Because it seems a single Yankees-Red Sox game can't go by without some sort of controversy at least part of all the broadcasts of yesterday's game was devoted to the brown substance that was on Michael Pineda's wrist. Initially thought to be delicious maple syrup left over from Pineda's hearty brunch, it was surmised to be pine tar (although Pineda has denied this). It's not unusual for pitchers to try to add to their grip on the baseball with what is technically considered an illegal substance, but the rule is only lightly enforced as long as the ball isn't coated with the stuff. But pine tar is only one of many foreign substances and doctoring techniques that pitchers have used throughout history to give themselves that extra edge. And as Pinstripe Alley's resident Grand Maester, I was able to compile a list of them for you.

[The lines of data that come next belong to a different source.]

text \<open>On the left edge \<open>[-2R, -R]\<close> the flux is at most \<open>\<delta> + C |v - far|\<close>; since
  \<open>time_cutoff \<le> 2 (- time_cutoff')\<close> and the plateau of width \<open>2R\<close> is 1 there, the second
  part is dominated by the mass term that \<open>one_sided_mass_bound\<close> controls at scale \<open>2R\<close>.\<close>

lemma one_sided_flux_pointwise_le:
  fixes f :: "real \<Rightarrow> real"
  assumes s: "\<bar>s\<bar> = 1" and R: "0 < R" and e: "0 < e" and t: "0 \<le> t" and C: "0 \<le> C" and \<delta>: "0 \<le> \<delta>"
    and v: "0 < y \<Longrightarrow> v = nr" and q: "\<bar>kflux f v far\<bar> \<le> \<delta> + C * \<bar>v - far\<bar>"
  shows "kflux f v far * (time_cutoff t * (s * plateau' R e y))
    \<le> time_cutoff t * (\<delta> * (2 / R * indicator {-2*R..-R} y))
      + time_cutoff t * (s * kflux f nr far * (indicator {0<..} y * plateau' R e y))
      - 4 * C / R * (\<bar>v - far\<bar> * (time_cutoff' t * plateau (2 * R) e y))"
proof -
  have c: "0 \<le> time_cutoff t" "time_cutoff t \<le> 2 * (- time_cutoff' t)" "time_cutoff' t \<le> 0"
    using c1_bumpD(4)[OF c1_bump_time_cutoff] time_cutoff_le_deriv[OF t] by auto
  have "\<bar>v - far\<bar> * (time_cutoff' t * plateau (2 * R) e y) \<le> 0"
    using c(3) plateau_bounds(1)[of "2 * R" e y] by (intro mult_nonneg_nonpos mult_nonpos_nonneg) auto
  moreover have "0 \<le> 4 * C / R" using C R by simp
  ultimately have mass: "0 \<le> - 4 * C / R * (\<bar>v - far\<bar> * (time_cutoff' t * plateau (2 * R) e y))"
    using mult_nonneg_nonpos by fastforce
  have left: "0 \<le> time_cutoff t * (\<delta> * (2 / R * indicator {-2*R..-R} y))"
    using c(1) \<delta> R by simp
  consider "y < 0" | "y = 0" | "0 < y" by linarith
  then show ?thesis
  proof cases
    case 1
    define I :: real where "I = indicator {-2*R..-R} y"
    have P: "0 \<le> plateau' R e y" "plateau' R e y \<le> 2 / R * I"
      using plateau'_left_bounds[OF R e, of y] 1 unfolding I_def by auto
    have "time_cutoff t * I \<le> 2 * (- time_cutoff' t) * plateau (2 * R) e y"
    proof (cases "y \<in> {-2*R..-R}")
      case True
      then have "plateau (2 * R) e y = 1" using plateau_eq_1[of "2 * R" e y] R e 1 by simp
      then show ?thesis using True c(2) by (simp add: I_def)
    qed (use c(3) plateau_bounds(1)[of "2 * R" e y] in \<open>simp add: I_def mult_nonpos_nonneg\<close>)
    then have "C * \<bar>v - far\<bar> * (2 / R) * (time_cutoff t * I)
        \<le> C * \<bar>v - far\<bar> * (2 / R) * (2 * (- time_cutoff' t) * plateau (2 * R) e y)"
      using C R by (intro mult_left_mono) auto
    moreover have "kflux f v far * (time_cutoff t * (s * plateau' R e y))
        \<le> (\<delta> + C * \<bar>v - far\<bar>) * (time_cutoff t * (2 / R * I))"
    proof -
      have "kflux f v far * (time_cutoff t * (s * plateau' R e y))
          \<le> \<bar>kflux f v far\<bar> * (time_cutoff t * plateau' R e y)"
        using c(1) P(1) s by (auto simp: abs_mult intro: order_trans[OF abs_ge_self])
      also have "\<dots> \<le> (\<delta> + C * \<bar>v - far\<bar>) * (time_cutoff t * (2 / R * I))"
        using q c(1) P by (intro mult_mono) (auto simp: mult_left_mono)
      finally show ?thesis .
    qed
    moreover have "(\<delta> + C * \<bar>v - far\<bar>) * (time_cutoff t * (2 / R * I))
        = time_cutoff t * (\<delta> * (2 / R * I)) + C * \<bar>v - far\<bar> * (2 / R) * (time_cutoff t * I)"
      "C * \<bar>v - far\<bar> * (2 / R) * (2 * (- time_cutoff' t) * plateau (2 * R) e y)
        = - 4 * C / R * (\<bar>v - far\<bar> * (time_cutoff' t * plateau (2 * R) e y))"
      by (simp_all add: algebra_simps add_divide_distrib)
    moreover have "time_cutoff t * (s * kflux f nr far * (indicator {0<..} y * plateau' R e y)) = 0"
      using 1 by simp
    ultimately show ?thesis unfolding I_def by linarith
  next
    case 2
    then show ?thesis using plateau'_0[OF R e] left mass by simp
  next
    case 3
    then show ?thesis using v left mass by (simp add: algebra_simps)
  qed
qed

Gobs of spit: Gaylord Perry so famously doctored his pitches that he titled his autobiography after the spitter. Legend has it that Perry had his own personal camel drench his hands with saliva before taking the mound each inning. Upon being found out, Perry simply started putting the entire ball in his mouth.
Dynamite: Likely influenced by the golden age of Looney Tunes, pitchers in the 1930's would place a stick of dynamite in the baseball before throwing them. Opposing batters responded by dropping grand pianos on the pitchers that resorted to this tactic. Many careers were tragically cut short.
Steroids: While in Toronto, Roger Clemens administered the steroid known as"the clear" to the baseballs he used in a misguided effort to assist with his pitching. Only upon noticing that they stayed the same size and had no increased stamina he realized it was meant to be used on the player themselves.
Grease: With the proliferation of absurdly unhealthy ballpark food such as bacon-wrapped corn dogs and burgers between grilled cheese or donuts, pitchers in the modern era need to only shake the hands of fans before the game to have enough grease on their hands to throw a slick, disgusting baseball. Hand acne has become quite a problem.
Tools: Back in the days when players held more than one job, pitchers would take the tools of their trade out to the mound and scuff up the ball. Cobblers, riveters, farriers, you name it. It was only when the carpenters started sawing the ball in half that the league stepped in.
See, it's as traditional for players to mess with the baseball as it is to eat crackerjack and pretend it's not terrible. Just as Michael Pineda had a brown substance on his hand, Clay Buchholz was rubbing his hands through his hair and getting filth and insects all over the ball. But I'm sure this is the last we'll ever have to hear about any of this. Right.